I decided in my teens that I would do what one woman could do to show that women had as much brains as men and could do things as well if she gave them her undivided attention.
A scholar and mountaineer, Annie Smith Peck spent her life working to reach new heights for women, both literally and metaphorically.
Annie Smith Peck was born into a prominent Rhode Island family on 19th October 1850. Her father, George B. Beck, was a lawyer and city councilman who also ran a number of businesses.
Annie was a dedicated student, and she pursued a level of education that was almost unheard of for women during this time period. In 1875, she enrolled in the University of Michigan, which had only begun admitting women five years prior, where she completed a four-year degree program in just three years. She graduated from the University of Michigan with honors in 1878, at which point she went on to pursue a master’s degree. She earned that degree in 1881, and after completion of her masters program, she began working as a professor at Purdue University.
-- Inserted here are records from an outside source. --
section \<open>Sequences of bounded mean complexity have Cauchy subsequences\<close>

lemma ramsey_homogeneous_subseq:
  fixes close :: "nat \<Rightarrow> nat \<Rightarrow> bool"
  assumes refl: "\<And>i. close i i" and sym: "\<And>i j. close i j \<Longrightarrow> close j i"
    and no_separated: "\<And>g :: nat \<Rightarrow> nat. strict_mono g \<Longrightarrow> \<exists>i j. i \<noteq> j \<and> close (g i) (g j)"
  shows "\<exists>g :: nat \<Rightarrow> nat. strict_mono g \<and> (\<forall>i j. close (g i) (g j))"
proof -
  define colour where "colour P = (if \<forall>i\<in>P. \<forall>j\<in>P. close i j then 0 else 1 :: nat)" for P
  have "\<exists>Y c. Y \<subseteq> UNIV \<and> infinite Y \<and> c < 2 \<and> (\<forall>i\<in>Y. \<forall>j\<in>Y. i \<noteq> j \<longrightarrow> colour {i, j} = c)"
    by (rule Ramsey2) (auto simp: colour_def)
  then obtain Y c where Y: "infinite Y" "c < 2" "\<forall>i\<in>Y. \<forall>j\<in>Y. i \<noteq> j \<longrightarrow> colour {i, j} = c"
    by blast
  define g where "g = enumerate Y"
  have g: "strict_mono g" "g n \<in> Y" for n
    unfolding g_def using Y(1) by (auto intro: strict_mono_enumerate enumerate_in_set)
  have colour_close: "colour {i, j} = 0 \<longleftrightarrow> close i j" for i j
    unfolding colour_def using refl sym by auto
  have homogeneous: "colour {g i, g j} = c" if "i \<noteq> j" for i j
    using Y(3) g(2) strict_mono_eq[OF g(1)] that by auto
  obtain i j where "i \<noteq> j" "close (g i) (g j)" using no_separated[of g] g(1) by blast
  then have "c = 0" using homogeneous colour_close by metis
  then have "close (g i) (g j)" for i j using homogeneous colour_close refl by (cases "i = j") auto
  then show ?thesis using g(1) by blast
qed

context prob_space
begin

lemma exists_Cauchy_subseq:
  fixes s :: "nat \<Rightarrow> 'a set set"
  assumes K: "K \<subseteq> parts M r" and s: "\<And>n. s n \<in> K"
    and bmc: "\<And>u. (\<forall>n. u n \<in> K) \<Longrightarrow> seq_bounded_mean_complexity M u"
  shows "\<exists>\<phi>. strict_mono \<phi> \<and> (\<forall>k. agree_mod M (s (\<phi> k)) (s (\<phi> (Suc k))) ((1/2) ^ k))"
proof -
  interpret subseqs "\<lambda>k f. \<forall>i j. agree_mod M (s (f i)) (s (f j)) ((1/2) ^ k)"
  proof
    fix k and f :: "nat \<Rightarrow> nat" assume "strict_mono f"
    let ?close = "\<lambda>a b. agree_mod M (s (f a)) (s (f b)) ((1/2) ^ k)"
    have "\<exists>g :: nat \<Rightarrow> nat. strict_mono g \<and> (\<forall>i j. ?close (g i) (g j))"
    proof (rule ramsey_homogeneous_subseq)
      fix g :: "nat \<Rightarrow> nat"
      show "\<exists>i j. i \<noteq> j \<and> agree_mod M (s (f (g i))) (s (f (g j))) ((1/2) ^ k)"
      proof (rule exists_agreeing_terms)
        show "seq_bounded_mean_complexity M (\<lambda>n. s (f (g n)))" by (rule bmc) (use s in blast)
      qed (use s K in auto)
    qed (auto intro: agree_mod_refl agree_mod_sym)
    then show "\<exists>g :: nat \<Rightarrow> nat. strict_mono g \<and>
        (\<forall>i j. agree_mod M (s ((f \<circ> g) i)) (s ((f \<circ> g) j)) ((1/2) ^ k))"
      by simp
  qed
  have "strict_mono (diagseq \<circ> Suc)"
    using subseq_diagseq by (simp add: strict_mono_Suc_iff diagseq_mono)
  moreover have "agree_mod M (s (diagseq (Suc k))) (s (diagseq (Suc (Suc k)))) ((1/2) ^ k)" for k
  proof -
    let ?d = "diagseq \<circ> (+) (Suc k)"
    have "\<forall>i j. agree_mod M (s (?d i)) (s (?d j)) ((1/2) ^ k)" by (rule diagseq_holds) simp
    from this[rule_format, of 0 1] show ?thesis by simp
  qed
  ultimately show ?thesis by (intro exI[of _ "diagseq \<circ> Suc"]) simp
qed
In accepting this position, she became one of the first female professors in the United States.
Were this all Annie had ever accomplished, she would still be a remarkable woman with a story worth telling, but becoming one of America’s first female professors was only the beginning of Annie’s groundbreaking accomplishments. In 1885, after seeing the Matterhorn during a trip to Greece, Annie became intrigued by the prospect of mountain climbing. At the age of 44, she began trying her hand at it, and in 1895, a decade after first spotting the Matterhorn, she became the third woman to climb it and the first to do so wearing pants.
Her most groundbreaking summit occurred in 1910 when she summited Mount Huascaran. It was an arduous climb, one that she attempted five times over the course of four years. She was 60 years old when she finally succeeded, and in doing so, she became the first person of any gender to summit Mount Huascaran. In 1927, the north peak of that mount was named in her honor: Cumbre Aña Peck.
A year after summiting Mount Huascaran, Anna summited another mount in Peru: Mount Coropuna. This time, she left a “Votes for Women” pennant at the top. Anna continued climbing throughout her life, summiting her last mountain at the age of 82. She passed away a few years later and remains, to this day, the only woman in history to become the first to summit a major world peak.